CFs are calculated on the basis of MERRA-2 wind speeds over the full 39-year period using an adapted method for on- and offshore wind power. Geographical regions were filtered according to water depths of less than 60 m with exclusion of environmentally protected areas and shipping lanes (discussed in Materials and Methods). Data were restricted to regions within China’s Exclusive Economic Zone (EEZ) boundary (the environment under which a coastal state assumes jurisdiction over its neighboring marine resources; see Materials and Methods). Hourly mean values of CF and levelized cost of electricity (LCOE) over feasible locations for China’s offshore wind are displayed in Fig. 1 (the SD distribution is shown in fig. S1).

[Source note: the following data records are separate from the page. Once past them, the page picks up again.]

(* Let $q$ be a power of $2$ and let $m \ge 2$ be an integer with $\gcd(q-1, m(m-1)) = 1$. Then every $d \in \mathbb{F}_q$ is the discriminant of the same number of monic polynomials of degree $m$ in $\mathbb{F}_q[x]$ (namely $q^{m-1}$ of them), and every $d \in \mathbb{F}_q^\times$ is the discriminant of the same number of monic irreducible polynomials of degree $m$ in $\mathbb{F}_q[x]$.
   Context: For a nonconstant polynomial $f$ of degree $m \ge 2$ over a field $K$ with leading coefficient $a_m$, factored as $f = a_m\prod_{i=1}^m (x-\alpha_i)$ in a splitting field, $\operatorname{disc}(f) = a_m^{2m-2}\prod_{i<j}(\alpha_i-\alpha_j)^2$; for linear $f$, $\operatorname{disc}(f) = 1$. $\mathbb{F}_q$ denotes the finite field with $q$ elements. *)

theory Defs
  imports "HOL-Algebra.Algebraic_Closure_Type"
begin

definition disc_roots :: "'a::field poly \<Rightarrow> 'a alg_closure list" where
  "disc_roots f = (SOME xs. map_poly to_ac f =
      smult (to_ac (lead_coeff f)) (\<Prod>x\<leftarrow>xs. [:-x, 1:]))"

definition disc :: "'a::field poly \<Rightarrow> 'a" where
  "disc f = (if degree f = 1 then 1 else
     (let m = degree f; \<alpha> = disc_roots f in
      of_ac (to_ac (lead_coeff f) ^ (2 * m - 2) *
        (\<Prod>i<length \<alpha>. \<Prod>j<length \<alpha>. if i < j then (\<alpha> ! i - \<alpha> ! j) ^ 2 else 1))))"

end

theory Submission
  imports Defs "HOL-Library.Cardinality"
begin

text \<open>
  Scaling the roots of a monic f of degree m by l \<noteq> 0, i.e. passing to l^m f(x/l), preserves
  monicity, degree and irreducibility and multiplies the discriminant by l^(m(m-1)). Since
  gcd(q-1, m(m-1)) = 1, every nonzero d is such a power, so over all nonzero values the fibres of
  the discriminant have the same size, both among all monic polynomials and among the irreducible
  ones.

  In characteristic 2 every polynomial is uniquely A^2 + x B^2 and its derivative is B^2, so f has
  a repeated root exactly when A and B have a common root. Decomposing each pair (A, B) as
  D (P, Q) with D monic and P, Q coprime shows that exactly q^(m-1) monic f of degree m have
  discriminant 0; the remaining q^m - q^(m-1) are then split evenly among the q - 1 nonzero values.

  The discriminant is computed from the roots in the algebraic closure; it lies in the base field
  because the Frobenius z \<mapsto> z^q permutes these roots.
\<close>

section \<open>Homomorphisms acting on polynomials\<close>

locale idom_hom =
  fixes h :: "'a::idom \<Rightarrow> 'b::idom"
  assumes hom_add: "h (x + y) = h x + h y"
    and hom_mult: "h (x * y) = h x * h y"
    and hom_one: "h 1 = 1"
begin

lemma hom_zero: "h 0 = 0"
  using hom_add[of 0 0] by (metis add_cancel_right_right)

lemma hom_uminus: "h (- x) = - h x"
  using hom_add[of x "- x"] by (simp add: hom_zero eq_neg_iff_add_eq_0 add.commute)

lemma hom_diff: "h (x - y) = h x - h y"
  using hom_add[of x "- y"] by (simp add: hom_uminus)

lemma hom_power: "h (x ^ n) = h x ^ n"
  by (induction n) (simp_all add: hom_one hom_mult)

lemma hom_of_nat: "h (of_nat n) = of_nat n"
  by (induction n) (simp_all add: hom_zero hom_one hom_add)

lemma hom_sum: "h (\<Sum>x\<in>A. f x) = (\<Sum>x\<in>A. h (f x))"
  by (induction A rule: infinite_finite_induct) (simp_all add: hom_zero hom_add)

lemma hom_prod_list: "h (\<Prod>x\<leftarrow>xs. f x) = (\<Prod>x\<leftarrow>xs. h (f x))"
  by (induction xs) (simp_all add: hom_one hom_mult)
lemma digs_Suc_Cons:
  "d > 0 \<Longrightarrow> q < d \<Longrightarrow> r < d ^ n \<Longrightarrow> digs d (Suc n) (q * d ^ n + r) = q # digs d n r"
proof (induction n arbitrary: r)
  case 0
  then show ?case by (simp add: digs_def dig_def)
next
  case (Suc n)
  have "r div d < d ^ n"
    using Suc.prems by (simp add: less_mult_imp_div_less mult.commute)
  moreover have "q * d ^ Suc n + r = (q * d ^ n + r div d) * d + r mod d"
    by (simp add: algebra_simps)
  ultimately show ?case
    using Suc by (simp add: digs_Suc_snoc digs_Suc[of d n r])
qed

lemma digs_inj:
  assumes "d > 0" "a < d ^ n" "b < d ^ n" "digs d n a = digs d n b"
  shows "a = b"
  using assms(2-)
proof (induction n arbitrary: a b)
  case (Suc n)
  have "a div d < d ^ n" "b div d < d ^ n"
    using Suc.prems assms(1) by (auto simp: div_less_iff_less_mult mult.commute)
  with Suc have "a div d = b div d" "a mod d = b mod d"
    by (auto simp: digs_Suc[OF assms(1)])
  then show ?case by (metis div_mult_mod_eq)
qed simp

lemma bij_betw_digs:
  assumes "d > 0"
  shows "bij_betw (digs d n) {..<d ^ n} {xs. length xs = n \<and> set xs \<subseteq> {..<d}}"
proof -
  let ?L = "{xs. length xs = n \<and> set xs \<subseteq> {..<d}}"
  have inj: "inj_on (digs d n) {..<d ^ n}"
    using digs_inj[OF assms] by (auto intro: inj_onI)
  have "digs d n ` {..<d ^ n} \<subseteq> ?L"
    using assms by (auto simp: digs_def dig_def)
  moreover have "finite ?L" "card ?L = d ^ n"
    using finite_lists_length_eq[of "{..<d}" n] card_lists_length_eq[of "{..<d}" n]
    by (simp_all add: conj_commute)
  ultimately have "digs d n ` {..<d ^ n} = ?L"
    by (intro card_subset_eq) (simp_all add: card_image[OF inj])
  with inj show ?thesis by (simp add: bij_betw_def)
qed

lemma digs_one: "x < d \<Longrightarrow> digs d 1 x = [x]"
  by (simp add: digs_def dig_def)

lemma dig_Suc_Cons:
  assumes "d > 0" "q < d" "r < d ^ n"
  shows "dig d (Suc n) 0 (q * d ^ n + r) = q"
    and "map (\<lambda>p. dig d (Suc n) p (q * d ^ n + r)) [1..<Suc n] = digs d n r"
proof -
  have digs: "digs d (Suc n) (q * d ^ n + r) = q # digs d n r" by (rule digs_Suc_Cons[OF assms])
  from arg_cong[OF digs, of "\<lambda>xs. xs ! 0"] show "dig d (Suc n) 0 (q * d ^ n + r) = q"
    by (simp only: nth_digs zero_less_Suc nth_Cons_0)
  have "map (\<lambda>p. dig d (Suc n) p (q * d ^ n + r)) [1..<Suc n] = tl (digs d (Suc n) (q * d ^ n + r))"
    by (simp add: digs_def upt_conv_Cons del: upt_Suc)
  with digs show "map (\<lambda>p. dig d (Suc n) p (q * d ^ n + r)) [1..<Suc n] = digs d n r"
    by simp
qed

lemma dig_Suc_snoc:
  assumes "d > 0" "x < d"
  shows "dig d (Suc n) n (k * d + x) = x"
    and "p < n \<Longrightarrow> dig d (Suc n) p (k * d + x) = dig d n p k"
proof -
  have "dig d (Suc n) p (k * d + x) = (digs d n k @ [x]) ! p" if "p < Suc n" for p
    using that by (simp flip: digs_Suc_snoc[OF assms])
  then show "dig d (Suc n) n (k * d + x) = x" "p < n \<Longrightarrow> dig d (Suc n) p (k * d + x) = dig d n p k"
    by (simp_all add: nth_append)
qed

section \<open>Partial traces of a pure state\<close>

lemma reduced_proj_trace_first:
  assumes d: "d > 0" and v: "dim_vec v = d ^ Suc n" and i: "i < d ^ n" and j: "j < d ^ n"
  shows "reduced d (Suc n) [1..<Suc n] (proj v) $$ (i, j) =
    (\<Sum>q<d. v $ (q * d ^ n + i) * cnj (v $ (q * d ^ n + j)))"
proof -
  let ?c = "\<lambda>a b. digs d n i = map (\<lambda>p. dig d (Suc n) p a) [1..<Suc n] \<and>
    digs d n j = map (\<lambda>p. dig d (Suc n) p b) [1..<Suc n] \<and>
    (\<forall>p<Suc n. p \<notin> set [1..<Suc n] \<longrightarrow> dig d (Suc n) p a = dig d (Suc n) p b)"
  have cond: "?c (q * d ^ n + r) (q' * d ^ n + r') \<longleftrightarrow> r = i \<and> q' = q \<and> r' = j"
    if "q < d" "r < d ^ n" "q' < d" "r' < d ^ n" for q r q' r'
  proof -
    have others: "(\<forall>p<Suc n. p \<notin> set [1..<Suc n] \<longrightarrow> P p) \<longleftrightarrow> P 0" for P
      by (auto simp: less_Suc_eq_0_disj)
    show ?thesis
      unfolding others dig_Suc_Cons[OF d that(1,2)] dig_Suc_Cons[OF d that(3,4)]
      using digs_inj[OF d i that(2)] digs_inj[OF d j that(4)] by blast
  qed
  have "reduced d (Suc n) [1..<Suc n] (proj v) $$ (i, j) =
      (\<Sum>a<d * d ^ n. \<Sum>b<d * d ^ n. if ?c a b then proj v $$ (a, b) else 0)"
    using i j by (simp add: reduced_def del: upt_Suc)
  also have "\<dots> = (\<Sum>q<d. \<Sum>r<d ^ n. \<Sum>q'<d. \<Sum>r'<d ^ n. if r = i then if q' = q then
      if r' = j then v $ (q * d ^ n + r) * cnj (v $ (q' * d ^ n + r')) else 0 else 0 else 0)"
    unfolding sum_lessThan_mult
  proof (intro sum.cong refl)
    fix q r q' r' assume "q \<in> {..<d}" "r \<in> {..<d ^ n}" "q' \<in> {..<d}" "r' \<in> {..<d ^ n}"
    then show "(if ?c (q * d ^ n + r) (q' * d ^ n + r') then proj v $$ (q * d ^ n + r, q' * d ^ n + r') else 0) =
      (if r = i then if q' = q then
      if r' = j then v $ (q * d ^ n + r) * cnj (v $ (q' * d ^ n + r')) else 0 else 0 else 0)"
      using cond[of q r q' r'] by (simp add: proj_def v mult_add_less_mult)
  qed
  also have "\<dots> = (\<Sum>q<d. v $ (q * d ^ n + i) * cnj (v $ (q * d ^ n + j)))"
    using i j by (simp add: sum_if_const sum.delta')
  finally show ?thesis .
qed
lemma inj_on_Prod_Pow_primes:
  fixes S :: "nat set"
  assumes "finite S" "\<forall>p\<in>S. prime p"
  shows "inj_on Prod (Pow S)"
proof (rule inj_onI)
  fix A B assume A: "A \<in> Pow S" and B: "B \<in> Pow S" and eq: "\<Prod>A = (\<Prod>B :: nat)"
  have "finite A" "\<forall>p\<in>A. prime p" "finite B" "\<forall>p\<in>B. prime p"
    using A B assms finite_subset by auto
  thus "A = B" using eq by (metis prime_factors_prod_primes)
qed

lemma Prod_Pow_primes_ge_1:
  fixes S :: "nat set"
  assumes "finite S" "\<forall>p\<in>S. prime p" "A \<in> Pow S"
  shows "\<Prod>A \<ge> (1::nat)"
proof -
  have "finite A" "\<forall>p\<in>A. prime p" using assms by (auto intro: finite_subset)
  hence "\<Prod>A > (0::nat)" by (rule prod_primes_pos)
  thus ?thesis by simp
qed

lemma sum_supported_on_Prod_Pow:
  fixes W :: "nat \<Rightarrow> real" and S :: "nat set"
  assumes S: "finite S" "\<forall>p\<in>S. prime p"
  assumes W: "\<And>m. W m \<noteq> 0 \<Longrightarrow> m \<in> Prod ` Pow S"
  shows "(\<Sum>m\<in>{1..N}. W m) = (\<Sum>A\<in>{A\<in>Pow S. \<Prod>A \<le> N}. W (\<Prod>A))"
proof -
  have "(\<Sum>m\<in>{1..N}. W m) = (\<Sum>m\<in>Prod ` {A\<in>Pow S. \<Prod>A \<le> N}. W m)"
  proof (rule sum.mono_neutral_right)
    show "Prod ` {A \<in> Pow S. \<Prod>A \<le> N} \<subseteq> {1..N}" using Prod_Pow_primes_ge_1[OF S] by auto
    show "\<forall>i\<in>{1..N} - Prod ` {A \<in> Pow S. \<Prod>A \<le> N}. W i = 0" using W by fastforce
  qed auto
  also have "\<dots> = (\<Sum>A\<in>{A\<in>Pow S. \<Prod>A \<le> N}. W (\<Prod>A))"
    by (rule sum.reindex_cong[OF inj_on_subset[OF inj_on_Prod_Pow_primes[OF S]]]) auto
  finally show ?thesis .
qed
(* Let $k\ge 1$ and $r\ge 2$ be integers and let $d_1\ge d_2\ge\cdots\ge d_k$ be positive integers. Then for all sufficiently large $n$, $$ex^{lin}_r\Big(n,\bigcup_{i=1}^k S^+_{d_i}\Big)\le \max_{1\le i\le k}\left\{\Big(\frac{d_i-1}{r}+\frac{i-1}{r-1}\Big)(n-i+1)+\frac{\binom{i-1}{2}}{\binom{r}{2}}\right\}.$$ Moreover, this bound is sharp asymptotically.
   Context: An $r$-uniform hypergraph is linear if every two of its hyperedges share at most one vertex. For a linear $r$-uniform hypergraph $F$, $ex^{lin}_r(n,F)$ is the maximum number of hyperedges in an $n$-vertex $r$-uniform linear hypergraph containing no copy of $F$ as a subhypergraph. $S_\ell$ denotes the star $K_{1,\ell}$ with $\ell$ edges. For a graph $F$ and $r\ge 2$, the expansion $F^+$ is the $r$-uniform hypergraph obtained from $F$ by adding $r-2$ new vertices to each edge, all added vertices being distinct. $\bigcup_{i=1}^k S^+_{d_i}$ denotes the vertex-disjoint union of $S^+_{d_1},\dots,S^+_{d_k}$. *)

theory Defs
  imports Complex_Main
begin

definition linear_uniform :: "nat \<Rightarrow> 'a set \<Rightarrow> 'a set set \<Rightarrow> bool" where
  "linear_uniform r V H \<longleftrightarrow> finite V \<and> (\<forall>e\<in>H. e \<subseteq> V \<and> card e = r) \<and>
     (\<forall>e1\<in>H. \<forall>e2\<in>H. e1 \<noteq> e2 \<longrightarrow> card (e1 \<inter> e2) \<le> 1)"

definition contains_copy :: "'a set set \<Rightarrow> 'b set set \<Rightarrow> bool" where
  "contains_copy H F \<longleftrightarrow> (\<exists>f. inj_on f (\<Union>F) \<and> (\<forall>e\<in>F. f ` e \<in> H))"

definition ex_lin :: "nat \<Rightarrow> nat \<Rightarrow> 'b set set \<Rightarrow> nat" where
  "ex_lin r n F = Max {card H | H :: nat set set. linear_uniform r {..<n} H \<and> \<not> contains_copy H F}"

text \<open>The j-th hyperedge of the expanded star in component i: centre (i,0,0), leaf (i,j,0),
  and r-2 new vertices (i,j,t), 1 \<le> t \<le> r-2.\<close>
definition star_edge :: "nat \<Rightarrow> nat \<Rightarrow> nat \<Rightarrow> (nat \<times> nat \<times> nat) set" where
  "star_edge r i j = {(i,0,0), (i,j,0)} \<union> {(i,j,t) | t. 1 \<le> t \<and> t \<le> r - 2}"

definition star_forest_plus :: "nat \<Rightarrow> nat \<Rightarrow> (nat \<Rightarrow> nat) \<Rightarrow> (nat \<times> nat \<times> nat) set set" where
  "star_forest_plus r k d = {star_edge r i j | i j. 1 \<le> i \<and> i \<le> k \<and> 1 \<le> j \<and> j \<le> d i}"

end

theory Submission
  imports Defs "HOL-Computational_Algebra.Primes" "HOL-Library.Disjoint_Sets"
begin

text \<open>
  Containing a copy of \<open>S\<^sup>+\<^sub>d\<^sub>1 \<union> \<dots> \<union> S\<^sup>+\<^sub>d\<^sub>k\<close> in a linear hypergraph means having
  vertex-disjoint stars with \<open>d\<^sub>1, \<dots>, d\<^sub>k\<close> edges.

  Upper bound: let \<open>S\<close> be the set of vertices of degree at least a large constant \<open>D\<close>.
  Any vertex of \<open>S\<close> can be the centre of a star avoiding a bounded set of vertices, so
  \<open>s = |S| < k\<close> and the edges avoiding \<open>S\<close> contain no disjoint stars with
  \<open>d\<^sub>s\<^sub>+\<^sub>1, \<dots>, d\<^sub>k\<close> edges. As their degrees are below \<open>D\<close>, a greedy choice of centres
  shows that for some \<open>j > s\<close> only boundedly many vertices have degree \<open>\<ge> d\<^sub>j\<close> among them;
  so there are at most about \<open>(d\<^sub>j - 1) n / r\<close> such edges. The edges meeting \<open>S\<close> are counted
  through the pairs of vertices they contain, each pair lying in at most one edge.

  Lower bound: for \<open>i \<le> k\<close> take the hypergraph whose edges are blocks of points on lines
  over \<open>\<int>\<^sub>p\<close>, some completed by one of \<open>i - 1\<close> apexes. It is linear because two lines
  meet at most once. Every vertex other than the apexes lies on only \<open>d\<^sub>i - 1\<close> edges
  avoiding the apexes, so each of \<open>i\<close> disjoint stars with at least \<open>d\<^sub>i\<close> edges would need
  its own apex.
\<close>

lemma linear_uniformD:
  assumes "linear_uniform r V H"
  shows "finite V" and "finite H" and "e \<in> H \<Longrightarrow> e \<subseteq> V" and "e \<in> H \<Longrightarrow> card e = r"
    and "e \<in> H \<Longrightarrow> finite e"
  using assms unfolding linear_uniform_def
  by (auto intro: finite_subset[of H "Pow V"] finite_subset[of e V])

Notably, areas with the largest CFs do not overlap those with low LCOE, implying that distance to shore and depth are important considerations for siting offshore locations. The economics of offshore wind will be discussed further in the next subsection. Provincial jurisdictions of ocean regions are delineated by the dashed blue boundaries. The greatest offshore wind resource is seen off the coast of Fujian, followed by opportunities identified with Zhejiang, Guangdong, Shanghai, and Hainan. The energy generation potential for some of these large resource regions is constrained primarily by EEZ boundaries. Fujian has one of the lowest potential offshore capacities among all of the coastal provinces considered here (see Table 1) despite its extensive coastal boundary; its waters are shared with Taiwan. Liaoning, by comparison, competes for wind resources with three other provinces and with North Korea despite the fact that it has similar offshore capacity (Table 1). Notably, the mean wind resource over most of the coastal region is much greater than China’s onshore average [i.e., comparison of Fig. 1A with fig. 1a from (5)]. Given that the environments with optimal offshore wind resources are much closer to population-dense regions as compared with the most favorable locations for onshore facilities, this provides a compelling argument for the viability of China’s offshore wind resources.

Table 1 Provincial physical offshore potential relative to demand.

Mean potentials for offshore capacity and energy generation for different provinces over the studied period along with the demands for each province. The ratios of the corresponding quantities are also indicated. Provincial demand data were retrieved from NBS (32).

View this table:

### Offshore wind will be cost-competitive by 2030, and may already be

From the above analysis, it is clear that China has a large physical potential for offshore wind. The next step in our analysis is to assess the economic costs associated with the development of offshore wind and to compare related levelized costs with competing costs for current sources of power from coal and nuclear. Results of the cost analysis are summarized in Fig. 2.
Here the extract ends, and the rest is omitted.